## EXERCISE
Search the records below for the word "metis". Pull out each line that has it.

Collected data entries
------

lemma clen_cycle:
  assumes "distinct c" "a \<in> set c" "b \<in> set c" "a \<noteq> b"
  shows "clen c a b + clen c b a = length c"
proof -
  let ?u = "clen c a b" and ?w = "clen c b a" and ?n = "length c"
  have "?u \<noteq> 0"
    using clen_eq_0_iff[OF assms(1-3)] assms(4) by simp
  have "?u < ?n" "?w < ?n"
    by (simp_all add: clen_less assms(2,3))
  have mod0: "(?u + ?w) mod ?n = 0"
    using clen_add_mod[OF assms(1,2,3,2)] by simp
  have "\<not> ?u + ?w < ?n"
  proof
    assume "?u + ?w < ?n"
    then have "(?u + ?w) mod ?n = ?u + ?w" by (rule mod_less)
    with mod0 \<open>?u \<noteq> 0\<close> show False by simp
  qed
  then have "(?u + ?w - ?n) mod ?n = 0"
    using mod0 le_mod_geq[of ?n "?u + ?w"] by simp
  moreover have "(?u + ?w - ?n) mod ?n = ?u + ?w - ?n"
    using \<open>?u < ?n\<close> \<open>?w < ?n\<close> by (intro mod_less) linarith
  ultimately show ?thesis
    using \<open>\<not> ?u + ?w < ?n\<close> by linarith
qed

lemma clen_inj:
  assumes "distinct c" "a \<in> set c" "x \<in> set c" "y \<in> set c" "clen c a x = clen c a y"
  shows "x = y"
  using clen_split[OF assms(1-4)] clen_eq_0_iff[OF assms(1,3,4)] assms(5) by simp

lemma plen_less_length: "xs \<noteq> [] \<Longrightarrow> plen xs < length xs"
  by (simp add: plen_def)

definition arc :: "'a list \<Rightarrow> 'a \<Rightarrow> 'a \<Rightarrow> 'a list" where
  "arc c a b = map (\<lambda>j. c ! ((cidx c a + j) mod length c)) [0..<Suc (clen c a b)]"

lemma length_arc [simp]: "length (arc c a b) = Suc (clen c a b)"
  by (simp add: arc_def)

lemma arc_not_Nil [simp]: "arc c a b \<noteq> []"
  by (simp add: arc_def)

lemma plen_arc [simp]: "plen (arc c a b) = clen c a b"
  by (simp add: arc_def plen_def)

lemma nth_arc: "j \<le> clen c a b \<Longrightarrow> arc c a b ! j = c ! ((cidx c a + j) mod length c)"
  unfolding arc_def by (simp del: upt_Suc)

lemma clen_shift:
  assumes "distinct c" "a \<in> set c"
  shows "clen c a (c ! ((cidx c a + j) mod length c)) = j mod length c"
proof -
  let ?n = "length c" and ?i = "cidx c a"
  have "?n > 0" using assms(2) by auto
  have "?i < ?n" using cidx_less_nth_cidx(1)[OF assms] .
  have "clen c a (c ! ((?i + j) mod ?n)) = ((?i + j) mod ?n + ?n - ?i) mod ?n"
    unfolding clen_def using cidx_nth[OF assms(1)] \<open>?n > 0\<close> by simp
  also have "\<dots> = ((?i + j) mod ?n + (?n - ?i)) mod ?n"
    using \<open>?i < ?n\<close> by simp
  also have "\<dots> = ((?i + j) + (?n - ?i)) mod ?n"
    by (simp add: mod_add_left_eq)
  also have "(?i + j) + (?n - ?i) = j + ?n"
    using \<open>?i < ?n\<close> by simp
  finally show ?thesis by simp
qed

lemma nth_cidx_add_clen:
  assumes "distinct c" "a \<in> set c" "x \<in> set c"
  shows "c ! ((cidx c a + clen c a x) mod length c) = x"
proof (rule clen_inj[OF assms(1,2) _ assms(3)])
  have "length c > 0" using assms(2) by auto
  then show "c ! ((cidx c a + clen c a x) mod length c) \<in> set c"
    by simp
  show "clen c a (c ! ((cidx c a + clen c a x) mod length c)) = clen c a x"
    using clen_shift[OF assms(1,2)] clen_less[OF assms(2)] by simp
qed

lemma clen_nth_arc:
  assumes "distinct c" "a \<in> set c" "j \<le> clen c a b"
  shows "clen c a (arc c a b ! j) = j"
  using clen_shift[OF assms(1,2)] clen_less[OF assms(2), of b] assms(3) by (simp add: nth_arc)

lemma hd_arc: "distinct c \<Longrightarrow> a \<in> set c \<Longrightarrow> hd (arc c a b) = a"
  using nth_cidx_add_clen[of c a a] by (simp add: arc_def hd_map del: upt_Suc)

lemma last_arc:
  assumes "distinct c" "a \<in> set c" "b \<in> set c"
  shows "last (arc c a b) = b"
proof -
  have "last (arc c a b) = arc c a b ! clen c a b"
    by (simp add: last_conv_nth)
  then show ?thesis using nth_cidx_add_clen[OF assms] by (simp add: nth_arc)
qed

lemma set_arc:
  assumes "distinct c" "a \<in> set c"
  shows "set (arc c a b) = {x \<in> set c. clen c a x \<le> clen c a b}"
proof (intro equalityI subsetI)
  fix x assume "x \<in> set (arc c a b)"
  then obtain j where j: "j \<le> clen c a b" "x = arc c a b ! j"
    by (metis in_set_conv_nth length_arc less_Suc_eq_le)
  moreover have "(cidx c a + j) mod length c < length c"
    using length_pos_if_in_set[OF assms(2)] by simp
  ultimately show "x \<in> {x \<in> set c. clen c a x \<le> clen c a b}"
    using clen_nth_arc[OF assms j(1)] by (simp add: nth_arc)
next
  fix x assume "x \<in> {x \<in> set c. clen c a x \<le> clen c a b}"
  then have "arc c a b ! clen c a x = x" "clen c a x < length (arc c a b)"
    using nth_cidx_add_clen[OF assms] by (auto simp: nth_arc)
  then show "x \<in> set (arc c a b)" by (metis nth_mem)
qed

lemma distinct_arc:
  assumes "distinct c" "a \<in> set c"
  shows "distinct (arc c a b)"
proof (rule distinct_conv_nth[THEN iffD2], intro allI impI)
  fix i j assume "i < length (arc c a b)" "j < length (arc c a b)" "i \<noteq> j"
  then have "clen c a (arc c a b ! i) \<noteq> clen c a (arc c a b ! j)"
    using clen_nth_arc[OF assms] by simp
  then show "arc c a b ! i \<noteq> arc c a b ! j" by metis
qed

lemma nth_clen_arc:
  assumes "distinct c" "a \<in> set c" "x \<in> set (arc c a b)"
  shows "arc c a b ! clen c a x = x"
  using assms nth_cidx_add_clen[OF assms(1,2)] set_arc[OF assms(1,2)] by (simp add: nth_arc)

lemma clen_eq_if_arc_eq:
  assumes "distinct c" "distinct c'" "a \<in> set c" "a \<in> set c'"
    and "arc c a b = arc c' a b'" "x \<in> set (arc c a b)"
  shows "clen c a x = clen c' a x"
proof -
  let ?P = "arc c a b"
  have "x \<in> set (arc c' a b')" using assms(5,6) by simp
  have "?P ! clen c a x = x" "clen c a x < length ?P"
    using nth_clen_arc[OF assms(1,3,6)] assms(6) set_arc[OF assms(1,3)] by (auto simp: less_Suc_eq_le)
  moreover have "?P ! clen c' a x = x" "clen c' a x < length ?P"
    unfolding assms(5)
    using nth_clen_arc[OF assms(2,4) \<open>x \<in> set (arc c' a b')\<close>] \<open>x \<in> set (arc c' a b')\<close>
      set_arc[OF assms(2,4)] by (auto simp: less_Suc_eq_le)
  ultimately show ?thesis
    using nth_eq_iff_index_eq[OF distinct_arc[OF assms(1,3)]] by metis
qed

lemma dpath_arc:
  assumes "dcycle V E c" "a \<in> set c"
  shows "dpath E (arc c a b)"
proof -
  have "distinct c" using assms(1) by (simp add: dcycle_def)
  have "(arc c a b ! i, arc c a b ! Suc i) \<in> E" if "i < clen c a b" for i
  proof -
    let ?r = "(cidx c a + i) mod length c"
    have "?r < length c" using length_pos_if_in_set[OF assms(2)] by simp
    with assms(1) have "(c ! ?r, c ! ((?r + 1) mod length c)) \<in> E"
      unfolding dcycle_def by blast
    moreover have "(?r + 1) mod length c = (cidx c a + Suc i) mod length c"
      by (simp add: mod_Suc_eq)
    ultimately show ?thesis using that by (simp add: nth_arc)
  qed
  then show ?thesis
    using distinct_arc[OF \<open>distinct c\<close> assms(2)] by (auto simp: dpath_def arc_def)
qed

lemma csubpath_eq_arc:
  assumes "distinct c" "csubpath c P" "length P \<le> length c"
  shows "P = arc c (hd P) (last P)"
proof -
  have "P \<noteq> []" "set P \<subseteq> set c" using assms(2) by (auto simp: csubpath_def)
  then have "hd P \<in> set c" by auto
  have clen_nth: "clen c (hd P) (P ! i) = i" if "i < length P" for i
    using that
  proof (induction i)
    case 0
    with \<open>P \<noteq> []\<close> show ?case by (simp add: hd_conv_nth)
  next
    case (Suc i)
    have "P ! i \<in> set c" "P ! Suc i \<in> set c"
      using Suc.prems \<open>set P \<subseteq> set c\<close> by (auto dest: nth_mem)
    moreover have "clen c (hd P) (P ! i) = i"
      using Suc by simp
    ultimately have "clen c (hd P) (P ! Suc i) = (i + clen c (P ! i) (P ! Suc i)) mod length c"
      using clen_add_mod[OF assms(1) \<open>hd P \<in> set c\<close>] by metis
    also have "\<dots> = Suc i"
      using assms(2,3) Suc.prems by (simp add: csubpath_def)
    finally show ?case .
  qed
  have "clen c (hd P) (last P) = length P - 1"
    using clen_nth[of "length P - 1"] \<open>P \<noteq> []\<close> by (simp add: last_conv_nth)
  then have "length (arc c (hd P) (last P)) = length P"
    using \<open>P \<noteq> []\<close> by simp
  moreover have "P ! i = arc c (hd P) (last P) ! i" if "i < length P" for i
  proof (rule clen_inj[OF assms(1) \<open>hd P \<in> set c\<close>])
    show "P ! i \<in> set c" using that \<open>set P \<subseteq> set c\<close> by (auto dest: nth_mem)
    show "arc c (hd P) (last P) ! i \<in> set c"
      using that \<open>length (arc c (hd P) (last P)) = length P\<close> \<open>hd P \<in> set c\<close> set_arc[OF assms(1)]
      by (metis (no_types, lifting) mem_Collect_eq nth_mem)
    show "clen c (hd P) (P ! i) = clen c (hd P) (arc c (hd P) (last P) ! i)"
      using that clen_nth clen_nth_arc[OF assms(1) \<open>hd P \<in> set c\<close>]
        \<open>length (arc c (hd P) (last P)) = length P\<close> by (simp add: less_Suc_eq_le)
  qed
  ultimately show ?thesis by (simp add: nth_equalityI)
qed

------

## RESULT OF THIS EXERCISE
    by (metis in_set_conv_nth length_arc less_Suc_eq_le)
  then show "x \<in> set (arc c a b)" by (metis nth_mem)
  then show "arc c a b ! i \<noteq> arc c a b ! j" by metis
    using nth_eq_iff_index_eq[OF distinct_arc[OF assms(1,3)]] by metis
      using clen_add_mod[OF assms(1) \<open>hd P \<in> set c\<close>] by metis
      by (metis (no_types, lifting) mem_Collect_eq nth_mem)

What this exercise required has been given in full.